I worked with a chef/educator who during his classes on plate presentation made students forage through the nearby woods for branches, leaves, stones, moss, and natures mushrooms to create plate presentations from Nature’s floor. He wanted this to be their roadmap to working with food – follow what Nature offers you first.
 THE OPERATION OF A CHEF’S KITCHEN IS NOT A REFLECTION OF OWNERSHIP, IT IS A REFLECTION OF SHARED PHILOSOPHY
Leadership and management are sometimes a chef’s greatest challenge. Chefs tend to be highly focused individuals who have a need to express what they believe through their food and their operations. They tend to demand that others follow what they see as important and cringe at anything or anyone who steps in the way of this vision. These kitchens tend to be tense, always on edge, highly stressful, ready to burn out at any second, and wrought with mistrust and angst.
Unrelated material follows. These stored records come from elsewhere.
text \<open>Writing \<open>Q = \<Sum> \<lambda>\<^sub>e e e\<^sup>T\<close> over an orthonormal eigenbasis, the square root is
  \<open>\<Sum> sqrt \<lambda>\<^sub>e e e\<^sup>T\<close>; any other candidate agrees with it on the eigenbasis.\<close>

lemma sym_pos_def_ex1_sqrt:
  fixes Q :: "real^'n^'n"
  assumes "sym_pos_def Q"
  shows "\<exists>!S. transpose S = S \<and> (\<forall>x. 0 \<le> (S *v x) \<bullet> x) \<and> S ** S = Q"
proof -
  obtain E lam where E: "finite E" "pairwise orthogonal E" "\<And>e. e \<in> E \<Longrightarrow> norm e = 1"
    "span E = UNIV" and Qe: "\<And>e. e \<in> E \<Longrightarrow> Q *v e = lam e *\<^sub>R e \<and> 0 < lam e"
    using sym_pos_def_eigenbasis[OF assms] by blast
  define S :: "real^'n^'n" where "S = (\<chi> i j. \<Sum>e\<in>E. sqrt (lam e) * e$i * e$j)"
  have Sx: "S *v x = (\<Sum>e\<in>E. (sqrt (lam e) * (e \<bullet> x)) *\<^sub>R e)" for x
  proof -
    have "(S *v x)$i = (\<Sum>j\<in>UNIV. \<Sum>e\<in>E. sqrt (lam e) * e$i * e$j * x$j)" for i
      by (simp add: S_def matrix_vector_mult_def sum_distrib_right)
    also have "\<dots> i = (\<Sum>e\<in>E. \<Sum>j\<in>UNIV. sqrt (lam e) * e$i * e$j * x$j)" for i
      by (rule sum.swap)
    finally show ?thesis by (simp add: vec_eq_iff sum_component inner_vec_def sum_distrib_left mult_ac)
  qed
  have Se: "S *v e = sqrt (lam e) *\<^sub>R e" if "e \<in> E" for e
  proof -
    have "e' \<bullet> e = (if e' = e then 1 else 0)" if "e' \<in> E" for e'
      using E(2,3) \<open>e \<in> E\<close> that by (auto simp: pairwise_def orthogonal_def dot_square_norm)
    hence "S *v e = (\<Sum>e'\<in>E. if e' = e then sqrt (lam e') *\<^sub>R e' else 0)"
      unfolding Sx by (intro sum.cong) auto
    thus ?thesis using E(1) \<open>e \<in> E\<close> by simp
  qed
  have eq_S: "T = S" if "\<And>e. e \<in> E \<Longrightarrow> T *v e = sqrt (lam e) *\<^sub>R e" for T :: "real^'n^'n"
    by (rule matrix_eq_on_spanning_set[OF E(4)]) (simp add: that Se)
  have "transpose S = S" by (simp add: S_def transpose_def vec_eq_iff mult_ac)
  moreover have "0 \<le> (S *v x) \<bullet> x" for x
  proof -
    have "(S *v x) \<bullet> x = (\<Sum>e\<in>E. sqrt (lam e) * (e \<bullet> x)^2)"
      by (simp add: Sx inner_sum_left mult_ac power2_eq_square)
    thus ?thesis using Qe by (auto intro!: sum_nonneg simp: less_imp_le)
  qed
  moreover have "S ** S = Q"
  proof (rule matrix_eq_on_spanning_set[OF E(4)])
    fix e assume "e \<in> E"
    with Qe Se show "(S ** S) *v e = Q *v e"
      by (simp add: matrix_vector_mul_assoc[symmetric] matrix_vector_mult_scaleR less_imp_le)
  qed
  moreover have "T = S" if "\<forall>x. 0 \<le> (T *v x) \<bullet> x" "T ** T = Q" for T
    using that Qe by (intro eq_S psd_square_root_on_eigenvector) auto
  ultimately show ?thesis by blast
qed

lemma msqrt_sym_pos_def:
  fixes Q :: "real^'n^'n"
  assumes "sym_pos_def Q"
  shows "transpose (msqrt Q) = msqrt Q" "msqrt Q ** msqrt Q = Q"
  using theI'[OF sym_pos_def_ex1_sqrt[OF assms]] by (simp_all add: msqrt_def)

section \<open>The standard simplex and the convex hull of the columns\<close>

lemma stdsimplex_nonneg: "x \<in> stdsimplex \<Longrightarrow> 0 \<le> x$i"
  by (simp add: stdsimplex_def)

lemma stdsimplex_sum: "x \<in> stdsimplex \<Longrightarrow> (\<Sum>i\<in>UNIV. x$i) = 1"
  by (simp add: stdsimplex_def)

lemma stdsimplexI: "(\<And>i. 0 \<le> x$i) \<Longrightarrow> (\<Sum>i\<in>UNIV. x$i) = 1 \<Longrightarrow> x \<in> stdsimplex"
  by (simp add: stdsimplex_def)

lemma axis_in_stdsimplex: "(axis i 1 :: real^'n) \<in> stdsimplex"
  by (simp add: stdsimplex_def axis_def)

lemma convex_stdsimplex: "convex (stdsimplex :: (real^'n) set)"
proof (rule convexI)
  fix x y :: "real^'n" and u v :: real
  assume x: "x \<in> stdsimplex" and y: "y \<in> stdsimplex" and uv: "0 \<le> u" "0 \<le> v" "u + v = 1"
  show "u *\<^sub>R x + v *\<^sub>R y \<in> stdsimplex"
  proof (rule stdsimplexI)
    fix i show "0 \<le> (u *\<^sub>R x + v *\<^sub>R y) $ i"
      using stdsimplex_nonneg[OF x, of i] stdsimplex_nonneg[OF y, of i] uv by simp
  next
    show "(\<Sum>i\<in>UNIV. (u *\<^sub>R x + v *\<^sub>R y) $ i) = 1"
      using stdsimplex_sum[OF x] stdsimplex_sum[OF y] uv
      by (simp add: sum.distrib sum_distrib_left[symmetric])
  qed
qed

lemma compact_stdsimplex: "compact (stdsimplex :: (real^'n) set)"
proof -
  have "stdsimplex = (\<Inter>i. {x::real^'n. 0 \<le> x$i}) \<inter> {x. (\<Sum>i\<in>UNIV. x$i) = 1}"
    by (auto simp: stdsimplex_def)
  also have "closed \<dots>"
    by (intro closed_Int closed_INT ballI closed_Collect_le closed_Collect_eq continuous_intros)
  finally have "closed (stdsimplex :: (real^'n) set)" .
  moreover have "stdsimplex \<subseteq> cball (0::real^'n) 1"
  proof
    fix x :: "real^'n" assume x: "x \<in> stdsimplex"
    have "norm x \<le> (\<Sum>i\<in>UNIV. \<bar>x$i\<bar>)" by (rule norm_le_l1_cart)
    also have "\<dots> = 1" using stdsimplex_sum[OF x] stdsimplex_nonneg[OF x] by simp
    finally show "x \<in> cball 0 1" by simp
  qed
  ultimately show ?thesis by (metis bounded_cball bounded_subset compact_eq_bounded_closed)
qed

lemma l1norm_diff_stdsimplex_le:
  assumes "x \<in> stdsimplex" "z \<in> stdsimplex"
  shows "l1norm (x - z) \<le> 2"
proof -
  have "l1norm (x - z) \<le> (\<Sum>i\<in>UNIV. x$i + z$i)"
    unfolding l1norm_def using stdsimplex_nonneg[OF assms(1)] stdsimplex_nonneg[OF assms(2)]
    by (intro sum_mono) (simp add: abs_le_iff)
  also have "\<dots> = 2" using stdsimplex_sum[OF assms(1)] stdsimplex_sum[OF assms(2)]
    by (simp add: sum.distrib)
  finally show ?thesis .
qed

lemma stdsimplex_ex_pos:
  assumes "x \<in> stdsimplex"
  obtains i where "0 < x$i"
  using stdsimplex_sum[OF assms] stdsimplex_nonneg[OF assms]
  by (metis less_eq_real_def sum_nonneg_eq_0_iff finite zero_neq_one)

lemma l1norm_diff_disjoint_support:
  assumes "y \<in> stdsimplex" "z \<in> stdsimplex" "\<And>i. y$i = 0 \<or> z$i = 0"
  shows "l1norm (y - z) = 2"
proof -
  have "l1norm (y - z) = (\<Sum>i\<in>UNIV. y$i + z$i)" unfolding l1norm_def
  proof (intro sum.cong refl)
    fix i
    show "\<bar>(y - z)$i\<bar> = y$i + z$i"
      using assms(3)[of i] stdsimplex_nonneg[OF assms(1), of i] stdsimplex_nonneg[OF assms(2), of i]
      by auto
  qed
  also have "\<dots> = 2" using stdsimplex_sum[OF assms(1)] stdsimplex_sum[OF assms(2)] by (simp add: sum.distrib)
  finally show ?thesis .
qed

lemma norm_stdsimplex_combination_le:
  fixes v :: "'n::finite \<Rightarrow> 'a::real_normed_vector"
  assumes y: "y \<in> stdsimplex" and D: "\<And>i. norm (v i) \<le> D"
  shows "norm (\<Sum>i\<in>UNIV. y$i *\<^sub>R v i) \<le> D"
proof -
  have "norm (\<Sum>i\<in>UNIV. y$i *\<^sub>R v i) \<le> (\<Sum>i\<in>UNIV. y$i * norm (v i))"
    using norm_sum[of "\<lambda>i. y$i *\<^sub>R v i"] stdsimplex_nonneg[OF y] by simp
  also have "\<dots> \<le> (\<Sum>i\<in>UNIV. y$i * D)"
    using stdsimplex_nonneg[OF y] D by (intro sum_mono mult_left_mono) auto
  also have "\<dots> = D" using stdsimplex_sum[OF y] by (simp add: sum_distrib_right[symmetric])
  finally show ?thesis .
qed

lemma diff_stdsimplex_combination:
  fixes v :: "'n::finite \<Rightarrow> 'a::real_vector"
  assumes "y \<in> stdsimplex"
  shows "c - (\<Sum>i\<in>UNIV. y$i *\<^sub>R v i) = (\<Sum>i\<in>UNIV. y$i *\<^sub>R (c - v i))"
proof -
  have "(\<Sum>i\<in>UNIV. y$i *\<^sub>R (c - v i)) = (\<Sum>i\<in>UNIV. y$i) *\<^sub>R c - (\<Sum>i\<in>UNIV. y$i *\<^sub>R v i)"
    by (simp add: scaleR_diff_right sum_subtractf scaleR_sum_left)
  thus ?thesis using stdsimplex_sum[OF assms] by simp
qed

lemma matrix_vector_mult_column_sum: "(B::real^'n^'m) *v x = (\<Sum>i\<in>UNIV. x$i *\<^sub>R column i B)"
  by (simp add: matrix_mult_sum scalar_mult_eq_scaleR)

lemma columns_eq_range: "columns B = range (\<lambda>i. column i B)"
  by (auto simp: columns_def)

lemma finite_columns: "finite (columns (B::real^'n^'m))"
  by (simp add: columns_eq_range)

lemma column_matrix_mult:
  fixes S :: "real^'m^'k" and A :: "real^'n^'m"
  shows "column i (S ** A) = S *v column i A"
proof -
  have "S *v column i A = S *v (A *v axis i 1)" by (simp add: matrix_vector_mult_basis)
  also have "\<dots> = (S ** A) *v axis i 1" by (rule matrix_vector_mul_assoc)
  also have "\<dots> = column i (S ** A)" by (rule matrix_vector_mult_basis)
  finally show ?thesis by simp
qed

lemma column_in_mconv: "column i B \<in> mconv B"
  unfolding mconv_def
  by (rule CollectI, rule exI[of _ "axis i 1"]) (simp add: matrix_vector_mult_basis axis_in_stdsimplex)

lemma mconv_eq_convex_hull: "mconv (B::real^'n^'m) = convex hull (columns B)"
proof
  show "mconv B \<subseteq> convex hull (columns B)"
  proof
    fix w assume "w \<in> mconv B"
    then obtain x where x: "x \<in> stdsimplex" "w = B *v x" by (auto simp: mconv_def)
    have "(\<Sum>i\<in>UNIV. x$i *\<^sub>R column i B) \<in> convex hull (columns B)"
      using stdsimplex_sum[OF x(1)] stdsimplex_nonneg[OF x(1)]
      by (intro convex_sum) (auto simp: columns_eq_range hull_inc)
    thus "w \<in> convex hull (columns B)" using x by (simp add: matrix_vector_mult_column_sum)
  qed
next
  have "mconv B = (\<lambda>x. B *v x) ` stdsimplex" by (auto simp: mconv_def)
  hence "convex (mconv B)" by (simp add: convex_linear_image convex_stdsimplex)
  thus "convex hull (columns B) \<subseteq> mconv B"
    by (intro hull_minimal) (auto simp: columns_eq_range column_in_mconv)
qed

lemma convex_mconv: "convex (mconv (B::real^'n^'m))"
  by (simp add: mconv_eq_convex_hull)

lemma compact_mconv: "compact (mconv (B::real^'n^'m))"
  by (simp add: mconv_eq_convex_hull finite_imp_compact_convex_hull finite_columns)

lemma compact_Zset: "compact (Zset (B::real^'n^'m) w)"
proof -
  have "Zset B w = stdsimplex \<inter> {z. B *v z = w}" by (auto simp: Zset_def)
  moreover have "closed {z. B *v z = w}"
    by (intro closed_Collect_eq continuous_intros matrix_vector_mult_linear_continuous_on)
  ultimately show ?thesis using compact_stdsimplex by (metis compact_Int_closed)
qed

lemma l1dist_attained:
  fixes B :: "real^'n^'m"
  assumes "w \<in> mconv B"
  obtains z where "z \<in> Zset B w" "l1dist x (Zset B w) = l1norm (x - z)"
    "\<And>z'. z' \<in> Zset B w \<Longrightarrow> l1norm (x - z) \<le> l1norm (x - z')"
proof -
  have "Zset B w \<noteq> {}" using assms by (auto simp: mconv_def Zset_def)
  moreover have "continuous_on (Zset B w) (\<lambda>z. l1norm (x - z))"
    unfolding l1norm_def by (intro continuous_intros)
  ultimately obtain z where z: "z \<in> Zset B w" "\<And>z'. z' \<in> Zset B w \<Longrightarrow> l1norm (x - z) \<le> l1norm (x - z')"
    using continuous_attains_inf[OF compact_Zset] by blast
  moreover have "l1dist x (Zset B w) = l1norm (x - z)"
    unfolding l1dist_def using z by (intro cInf_eq_minimum) auto
  ultimately show thesis using that by blast
qed

text \<open>Split \<open>x - z\<close> into its positive and negative parts; they have the same mass \<open>t\<close>.\<close>

lemma stdsimplex_diff_decomp:
  assumes x: "x \<in> stdsimplex" and z: "z \<in> stdsimplex" and xz: "x \<noteq> z"
  obtains t a b where "0 < t" "a \<in> stdsimplex" "b \<in> stdsimplex" "x - z = t *\<^sub>R (a - b)"
    "l1norm (x - z) = 2 * t" "\<And>i. t * a$i \<le> x$i"
proof -
  define P where "P i = max ((x - z)$i) 0" for i
  define N where "N i = max (- (x - z)$i) 0" for i
  define t where "t = (\<Sum>i\<in>UNIV. P i)"
  have PN: "(x - z)$i = P i - N i" "\<bar>(x - z)$i\<bar> = P i + N i" "0 \<le> P i" "0 \<le> N i" for i
    by (auto simp: P_def N_def)
  have "0 = (\<Sum>i\<in>UNIV. (x - z)$i)"
    using stdsimplex_sum[OF x] stdsimplex_sum[OF z] by (simp add: sum_subtractf)
  also have "\<dots> = (\<Sum>i\<in>UNIV. P i - N i)" using PN(1) by simp
  also have "\<dots> = t - (\<Sum>i\<in>UNIV. N i)" by (simp add: sum_subtractf t_def)
  finally have sN: "(\<Sum>i\<in>UNIV. N i) = t" by simp
  have "l1norm (x - z) = (\<Sum>i\<in>UNIV. P i + N i)" unfolding l1norm_def PN(2) ..
  hence l1: "l1norm (x - z) = 2 * t" using sN by (simp add: sum.distrib t_def)
  have "t \<noteq> 0"
  proof
    assume "t = 0"
    hence "\<forall>i\<in>UNIV. P i = 0" "\<forall>i\<in>UNIV. N i = 0" using sN PN(3,4) unfolding t_def
      by (simp_all add: sum_nonneg_eq_0_iff)
    hence "x = z" using PN(1) by (auto simp: vec_eq_iff)
    thus False using xz by simp
  qed
  moreover have "0 \<le> t" unfolding t_def using PN(3) by (simp add: sum_nonneg)
  ultimately have tpos: "0 < t" by simp
  define a where "a = (\<chi> i. P i / t)"
  define b where "b = (\<chi> i. N i / t)"
  have "a \<in> stdsimplex" unfolding a_def using tpos PN(3)
    by (intro stdsimplexI) (auto simp: sum_divide_distrib[symmetric] t_def)
  moreover have "b \<in> stdsimplex" unfolding b_def using tpos PN(4) sN
    by (intro stdsimplexI) (auto simp: sum_divide_distrib[symmetric])
  moreover have "x - z = t *\<^sub>R (a - b)"
    using tpos PN(1) by (simp add: vec_eq_iff a_def b_def field_simps)
  moreover have "t * a$i \<le> x$i" for i
    using tpos stdsimplex_nonneg[OF x, of i] stdsimplex_nonneg[OF z, of i] by (simp add: a_def P_def)
  ultimately show thesis using that tpos l1 by blast
qed

section \<open>Reduction to the squared Euclidean norm\<close>

text \<open>The ratio set of \<open>g(v) = \<parallel>v\<parallel>\<^sup>2 / 2\<close> with respect to \<open>B\<close>.\<close>

definition euclidean_ratio_set :: "real^'n^'m \<Rightarrow> real set" where
  "euclidean_ratio_set B = {(norm (B *v x - w))^2 / (l1dist x (Zset B w))^2
                            | w x. w \<in> mconv B \<and> x \<in> stdsimplex - Zset B w}"

lemma quadratic_has_derivative:
  fixes Q :: "real^'m^'m" and b :: "real^'m"
  shows "((\<lambda>u. (1/2) * ((Q *v u) \<bullet> u) + b \<bullet> u) has_derivative
     (\<lambda>h. (1/2) * ((Q *v h) \<bullet> u + (Q *v u) \<bullet> h) + b \<bullet> h)) (at u)"
  by (auto intro!: derivative_eq_intros bounded_linear_imp_has_derivative)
Things get done, but the price to pay is high. You can feel it when you walk in the kitchen, you might even feel it in the dining room – it is not a good feeling. Others (the ones that I believe are far more successful) are chefs who work hard to identify cooks who are confident, yet cognizant of the chain of command; willing to express themselves, but knowing when it is best to simply say: yes chef; and dedicated to a shared philosophy of food, commitment to excellence, and team dynamics. In this case, the chef can reach the same goals, but do so as a unified body that believes in what they are doing. The difference is: “I wouldn’t dare put out a plate of food that fails to meet the chef’s standards” vs. “Why would I ever put out a plate of food that doesn’t meet our collective standards?”
 THE OPERATION OF A KITCHEN IS LIKE ADJUSTING A RECIPE
Recipes lack soul and fall short on understanding the need for flexibility. Not every tomato tastes the same, not every fish from the sea is the same, and not every berry that the pastry chef uses is cut from the same cloth in terms of flavor. A chef understands the difference, knows what the ingredient at its peak should look and taste like, understands the history of a dish and how a certain profile must be maintained before he or she is able to complete a recipe with predictable results. The same is true with kitchen dynamics. Not all cooks are the same; in fact they may differ depending on the day of the week or their personal circumstances that will impact performance. The chef must know all the nuances of character, empathy, and leadership to get a consistent result from that kitchen crew. Cooks need to understand before they adjust a recipe and chefs need to understand before they proceed with day-to-day operations.
Why does that chef’s food taste so much better than another’s? It is a complex question with complex answers. When the food is right you know it immediately. When the kitchen is running smoothly, it can be sensed from the moment you step through the door.